“So they allowed themselves to be decorated with stars by others, while my sisters are in misery!”

“But first I will speak a few home words to them,” he muttered, seized hold by the shoulder of Ulrich, who sat on his side, and shook him violently, so that his head rolled from side to side.

Ulrich started from sleep, and when he saw the dark figure of Paul, with the revolver in his hand, standing close behind him, he began to cry out loud and piteously. The other one woke up as well, and both stretched out their arms in pitiful entreaty.

“What do you mean to do to us?” cried the one,

“Do not murder us!” cried the other.

“Put away your revolver. Have pity on us—have pity!” They clasped their hands, and would have fallen on their knees had not the fur rugs prevented them.

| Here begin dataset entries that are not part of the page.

text \<open>A k-bialgebra: Delta a is a representative (Sweedler sum  sum a(1) (x) a(2)) of the
coproduct of a in A (x) A; eps is the counit.\<close>

definition bialgebra ::
  "('k::comm_ring_1 \<Rightarrow> 'a::ring_1 \<Rightarrow> 'a) \<Rightarrow> ('a \<Rightarrow> ('a \<times> 'a) list) \<Rightarrow> ('a \<Rightarrow> 'k) \<Rightarrow> bool" where
  "bialgebra smul Delta eps \<longleftrightarrow>
     k_algebra smul \<and>
     \<comment> \<open>Delta is k-linear\<close>
     (\<forall>a b. tens_eq smul (T2 (Delta (a + b))) (T2 (Delta a) @ T2 (Delta b))) \<and>
     (\<forall>s a. tens_eq smul (T2 (Delta (smul s a))) (map (\<lambda>(x, y). [smul s x, y]) (Delta a))) \<and>
     \<comment> \<open>eps is k-linear\<close>
     (\<forall>a b. eps (a + b) = eps a + eps b) \<and>
     (\<forall>s a. eps (smul s a) = s * eps a) \<and>
     \<comment> \<open>coassociativity\<close>
     (\<forall>a. tens_eq smul
        (concat (map (\<lambda>(x, y). map (\<lambda>(x1, x2). [x1, x2, y]) (Delta x)) (Delta a)))
        (concat (map (\<lambda>(x, y). map (\<lambda>(y1, y2). [x, y1, y2]) (Delta y)) (Delta a)))) \<and>
     \<comment> \<open>counit axioms\<close>
     (\<forall>a. (\<Sum>(x, y)\<leftarrow>Delta a. smul (eps x) y) = a) \<and>
     (\<forall>a. (\<Sum>(x, y)\<leftarrow>Delta a. smul (eps y) x) = a) \<and>
     \<comment> \<open>Delta and eps are algebra maps\<close>
     (\<forall>a b. tens_eq smul (T2 (Delta (a * b)))
        (concat (map (\<lambda>(x, y). map (\<lambda>(x', y'). [x * x', y * y']) (Delta b)) (Delta a)))) \<and>
     tens_eq smul (T2 (Delta 1)) [[1, 1]] \<and>
     (\<forall>a b. eps (a * b) = eps a * eps b) \<and>
     eps 1 = 1"
lemma bit_set_subset_partial_order:
  "reflp_on {..<2 ^ m} (\<lambda>i j. bit_set m j \<subseteq> bit_set m i)"
  "transp_on {..<2 ^ m} (\<lambda>i j. bit_set m j \<subseteq> bit_set m i)"
  "antisymp_on {..<2 ^ m} (\<lambda>i j. bit_set m j \<subseteq> bit_set m i)"
proof -
  show "reflp_on {..<2 ^ m} (\<lambda>i j. bit_set m j \<subseteq> bit_set m i)"
    by (rule reflp_onI) (rule subset_refl)
  show "transp_on {..<2 ^ m} (\<lambda>i j. bit_set m j \<subseteq> bit_set m i)"
    by (rule transp_onI) (rule subset_trans)
  show "antisymp_on {..<2 ^ m} (\<lambda>i j. bit_set m j \<subseteq> bit_set m i)"
    by (rule antisymp_onI) (metis bit_set_inject lessThan_iff subset_antisym)
qed

lemma Aut_perm_mat_mult_Tm:
  assumes "p permutes {..<2 ^ m}"
  shows "Aut (perm_mat (2 ^ m) p * Tm m) = {Q \<in> Aut (Tm m). Q * perm_mat (2 ^ m) p = perm_mat (2 ^ m) p * Q}"
  unfolding Tm_eq_incidence_mat using bit_set_subset_partial_order assms
  by (rule Aut_perm_mat_mult_incidence_mat)

lemma Aut_Tm_centralizer_Psig:
  assumes \<sigma>: "\<sigma> permutes {1..m}"
  shows "{Q \<in> Aut (Tm m). Q * Psig m \<sigma> = Psig m \<sigma> * Q}
    = {Psig m \<tau> | \<tau>. \<tau> permutes {1..m} \<and> \<tau> \<circ> \<sigma> = \<sigma> \<circ> \<tau>}"
proof (rule Set.set_eqI, rule iffI)
  fix Q
  assume "Q \<in> {Q \<in> Aut (Tm m). Q * Psig m \<sigma> = Psig m \<sigma> * Q}"
  then obtain \<tau> where \<tau>: "\<tau> permutes {1..m}" and Q: "Q = Psig m \<tau>" and "Q * Psig m \<sigma> = Psig m \<sigma> * Q"
    unfolding Aut_Tm by blast
  then have "\<tau> \<circ> \<sigma> = \<sigma> \<circ> \<tau>"
    using Psig_commute_iff[OF \<tau> \<sigma>] by simp
  then show "Q \<in> {Psig m \<tau> | \<tau>. \<tau> permutes {1..m} \<and> \<tau> \<circ> \<sigma> = \<sigma> \<circ> \<tau>}"
    using \<tau> Q by blast
next
  fix Q
  assume "Q \<in> {Psig m \<tau> | \<tau>. \<tau> permutes {1..m} \<and> \<tau> \<circ> \<sigma> = \<sigma> \<circ> \<tau>}"
  then obtain \<tau> where \<tau>: "\<tau> permutes {1..m}" and Q: "Q = Psig m \<tau>" and "\<tau> \<circ> \<sigma> = \<sigma> \<circ> \<tau>"
    by blast
  then have "Q * Psig m \<sigma> = Psig m \<sigma> * Q"
    using Psig_commute_iff[OF \<tau> \<sigma>] by simp
  then show "Q \<in> {Q \<in> Aut (Tm m). Q * Psig m \<sigma> = Psig m \<sigma> * Q}"
    unfolding Aut_Tm using \<tau> Q by blast
qed

theorem mainTheorem13:
  fixes m :: nat and P :: "int mat"
  assumes "P \<in> Aut (Tm m)"
  shows "Aut (P * Tm m) = {Q \<in> Aut (Tm m). Q * P = P * Q} \<and>
         (\<forall>\<sigma>. \<sigma> permutes {1..m} \<and> P = Psig m \<sigma> \<longrightarrow>
           Aut (P * Tm m) = {Psig m \<tau> | \<tau>. \<tau> permutes {1..m} \<and> \<tau> \<circ> \<sigma> = \<sigma> \<circ> \<tau>})"
proof (intro conjI allI impI)
  obtain p where p: "p permutes {..<2 ^ m}" and P: "P = perm_mat (2 ^ m) p"
    using assms unfolding Tm_eq_incidence_mat Aut_incidence_mat by blast
  show centralizer: "Aut (P * Tm m) = {Q \<in> Aut (Tm m). Q * P = P * Q}"
    unfolding P by (rule Aut_perm_mat_mult_Tm[OF p])
  fix \<sigma>
  assume "\<sigma> permutes {1..m} \<and> P = Psig m \<sigma>"
  then have \<sigma>: "\<sigma> permutes {1..m}" and P_\<sigma>: "P = Psig m \<sigma>"
    by blast+
  show "Aut (P * Tm m) = {Psig m \<tau> | \<tau>. \<tau> permutes {1..m} \<and> \<tau> \<circ> \<sigma> = \<sigma> \<circ> \<tau>}"
    unfolding centralizer unfolding P_\<sigma> by (rule Aut_Tm_centralizer_Psig[OF \<sigma>])
qed

end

Paul looked at them in amazement. He had always seen them daring and eager for fight, so that now in their terror they seemed to him like entirely different people.

He wished in his heart that they would draw their knives against him, so that he could make use of his revolver in an honest fight. And then suddenly the thought arose in his mind: “If you had only once treated them like this when they were boys, you would have been spared many a humiliation—and your sisters, above all.”

Ulrich meanwhile tried to clasp his knees, and Fritz kept on crying out, “Take pity on us—take pity on us!”

“You know very well what I want of you,” answered Paul, who now felt freed from all hesitation, and with cold resolution pursued his aim.